* [Task to complete]: Two lines in the data below mark the range: the one with "k opn \<longleftrightarrow>" and the one with "of order S/n". Return both, along with every line between them, exactly.

───── Data supplied ─────

(* For any $T>0$: $$\Pr[\tau^\downarrow_\gamma\le T]\le T\exp\Big(-\Omega\Big(\frac{n\sqrt{\gamma_0}}{T}\Big)\Big)\ \text{for 3-Majority},\qquad \Pr[\tau^\downarrow_\gamma\le T]\le T\exp\Big(-\Omega\Big(\frac{n}{T+\gamma_0^{-1/2}}\Big)\Big)\ \text{for 2-Choices}.$$ In particular, let $C>0$ be a sufficiently large constant. Suppose $\gamma_0\ge C\log n/\sqrt n$ for 3-Majority, or $\gamma_0\ge(C\log n)^2/n$ for 2-Choices. Then $\Pr[\tau^\downarrow_\gamma\le C\log n/\gamma_0]\le O(n^{-10})$.
   Context: **Setting.** Let $V$ be a set of $n$ vertices and $k\in\{1,\dots,n\}$. A configuration is a map $\mathsf{opn}\colon V\to[k]$. The process is synchronous: each round $t\ge1$ produces $\mathsf{opn}_t$ from $\mathsf{opn}_{t-1}$, and all vertices make their choices independently. **3-Majority.** Each vertex $v$ samples $w_1,w_2,w_3\in V$ independently and uniformly, with replacement. It sets $\mathsf{opn}_t(v)=\mathsf{opn}_{t-1}(w_1)$ if $\mathsf{opn}_{t-1}(w_1)=\mathsf{opn}_{t-1}(w_2)$, and $\mathsf{opn}_t(v)=\mathsf{opn}_{t-1}(w_3)$ otherwise. **2-Choices.** Each vertex $v$ samples $w_1,w_2\in V$ independently and uniformly, with replacement. It sets $\mathsf{opn}_t(v)=\mathsf{opn}_{t-1}(w_1)$ if $\mathsf{opn}_{t-1}(w_1)=\mathsf{opn}_{t-1}(w_2)$, and $\mathsf{opn}_t(v)=\mathsf{opn}_{t-1}(v)$ otherwise. **Basic quantities.** - $\alpha_t(i)=|\{v:\mathsf{opn}_t(v)=i\}|/n$. - $\gamma_t=\sum_i\alpha_t(i)^2$. **Stopping time.** For a fixed constant $c^\downarrow_\gamma\in(0,1)$, $\tau^\downarrow_\gamma=\inf\{t\ge0:\gamma_t\le(1-c^\downarrow_\gamma)\gamma_0\}$. **Conventions.** $\Omega(\cdot)$ hides positive constants independent of $n$, $k$, $T$ and the configuration. *)

theory Defs
  imports "HOL-Probability.Probability"
begin

text \<open>Vertices are V = {0..<n}; opinions are labels in [k] = {1..k}.
  A configuration is a map nat => nat (values outside V are irrelevant; the
  random step sets them to the default 0).\<close>

type_synonym config = "nat \<Rightarrow> nat"

definition alpha :: "nat \<Rightarrow> config \<Rightarrow> nat \<Rightarrow> real" where
  "alpha n opn i = real (card {v \<in> {..<n}. opn v = i}) / real n"

definition gamma :: "nat \<Rightarrow> nat \<Rightarrow> config \<Rightarrow> real" where
  "gamma n k opn = (\<Sum>i\<in>{1..k}. (alpha n opn i)\<^sup>2)"

definition unif_vertex :: "nat \<Rightarrow> nat pmf" where
  "unif_vertex n = pmf_of_set {..<n}"

definition three_majority_step :: "nat \<Rightarrow> config \<Rightarrow> config pmf" where
  "three_majority_step n opn =
     Pi_pmf {..<n} 0 (\<lambda>v.
       bind_pmf (unif_vertex n) (\<lambda>w1.
       bind_pmf (unif_vertex n) (\<lambda>w2.
       bind_pmf (unif_vertex n) (\<lambda>w3.
         return_pmf (if opn w1 = opn w2 then opn w1 else opn w3)))))"

definition two_choices_step :: "nat \<Rightarrow> config \<Rightarrow> config pmf" where
  "two_choices_step n opn =
     Pi_pmf {..<n} 0 (\<lambda>v.
       bind_pmf (unif_vertex n) (\<lambda>w1.
       bind_pmf (unif_vertex n) (\<lambda>w2.
         return_pmf (if opn w1 = opn w2 then opn w1 else opn v))))"

fun trajectory :: "(config \<Rightarrow> config pmf) \<Rightarrow> config \<Rightarrow> nat \<Rightarrow> config list pmf" where
  "trajectory step opn0 0 = return_pmf [opn0]"
| "trajectory step opn0 (Suc t) =
     bind_pmf (trajectory step opn0 t) (\<lambda>xs. map_pmf (\<lambda>y. xs @ [y]) (step (last xs)))"

text \<open>Pr[tau_gamma_down <= T], where
  tau = inf {t >= 0. gamma_t <= (1 - c) * gamma_0}.\<close>
definition prob_tau_le :: "(config \<Rightarrow> config pmf) \<Rightarrow> nat \<Rightarrow> nat \<Rightarrow> real \<Rightarrow> config \<Rightarrow> nat \<Rightarrow> real" where
  "prob_tau_le step n k c opn0 T =
     measure_pmf.prob (trajectory step opn0 T)
       {xs. \<exists>t\<le>T. gamma n k (xs ! t) \<le> (1 - c) * gamma n k opn0}"

definition valid_config :: "nat \<Rightarrow> nat \<Rightarrow> config \<Rightarrow> bool" where
  "valid_config n k opn \<longleftrightarrow> (\<forall>v<n. opn v \<in> {1..k})"

end

(* The potential S = sqrt gamma does not decrease in expectation, and by Cauchy-Schwarz its
   value after one round dominates a sum of independent per-vertex contributions. Bounding their
   exponential moments gives E[exp (-theta S_(t+1))] <= exp (-theta S_t + theta^2 q), with noise q
   of order S/n for 3-Majority and gamma/n for 2-Choices. A drop of S from s0 to (1 - 2 delta) s0
   within T rounds contains an excursion that starts at the last time S was at least s0; along it
   exp (-theta S) grows in expectation by at most exp (theta^2 q) per round, so a union bound over
   the start and the end of the excursion bounds the probability by
   T^2 exp (-theta delta s0 + T theta^2 q). Taking theta of order delta n / T for 3-Majority and
   delta n / (T s0 + 1) for 2-Choices, and using that a probability is at most 1 to pass from T^2
   to T, gives the tail bounds; the logarithmic-time statements are arithmetic consequences. *)

theory Submission
  imports Defs
begin

lemma sum_vertices_by_opinion:
  assumes "n > 0" and "valid_config n k x"
  shows "(\<Sum>w<n. g (x w)) = real n * (\<Sum>i\<in>{1..k}. alpha n x i * g i)"
proof -
  have "(\<Sum>w<n. g (x w)) = (\<Sum>w<n. \<Sum>i\<in>{1..k}. if x w = i then g i else 0)"
    using assms(2) unfolding valid_config_def by (intro sum.cong) (auto simp: sum.delta)
  also have "\<dots> = (\<Sum>i\<in>{1..k}. real (card {w\<in>{..<n}. x w = i}) * g i)"
    by (subst sum.swap) (intro sum.cong refl, simp add: sum.If_cases Int_def conj_commute)
  also have "\<dots> = real n * (\<Sum>i\<in>{1..k}. alpha n x i * g i)"
    using assms(1) by (simp add: alpha_def sum_distrib_left)
  finally show ?thesis .
qed

lemma sum_vertex_pairs_by_opinion:
  assumes n: "n > 0" and x: "valid_config n k x"
  shows "(\<Sum>w1<n. \<Sum>w2<n. if x w1 = x w2 then g (x w1) else 0)
       = (real n)\<^sup>2 * (\<Sum>i\<in>{1..k}. (alpha n x i)\<^sup>2 * g i)"
proof -
  have "(\<Sum>w2<n. if x w1 = x w2 then g (x w1) else 0) = real n * (alpha n x (x w1) * g (x w1))"
    if "w1 < n" for w1
  proof -
    have "x w1 \<in> {1..k}" using x that unfolding valid_config_def by auto
    then show ?thesis
      using sum_vertices_by_opinion[OF n x, of "\<lambda>i. if x w1 = i then g (x w1) else 0"]
      by (simp add: if_distrib sum.delta cong: if_cong)
  qed
  then have "(\<Sum>w1<n. \<Sum>w2<n. if x w1 = x w2 then g (x w1) else 0)
      = (\<Sum>w1<n. real n * (alpha n x (x w1) * g (x w1)))" by (intro sum.cong) auto
  also have "\<dots> = real n * (real n * (\<Sum>i\<in>{1..k}. alpha n x i * (alpha n x i * g i)))"
    using sum_vertices_by_opinion[OF n x, of "\<lambda>i. alpha n x i * g i"]
    by (simp add: sum_distrib_left[symmetric])
  finally show ?thesis by (simp add: power2_eq_square mult.assoc)
qed

lemma alpha_nonneg: "alpha n x i \<ge> 0"
  by (simp add: alpha_def)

─────

* [Reply]:
  "valid_config n k opn \<longleftrightarrow> (\<forall>v<n. opn v \<in> {1..k})"

end

(* The potential S = sqrt gamma does not decrease in expectation, and by Cauchy-Schwarz its
   value after one round dominates a sum of independent per-vertex contributions. Bounding their
   exponential moments gives E[exp (-theta S_(t+1))] <= exp (-theta S_t + theta^2 q), with noise q
   of order S/n for 3-Majority and gamma/n for 2-Choices. A drop of S from s0 to (1 - 2 delta) s0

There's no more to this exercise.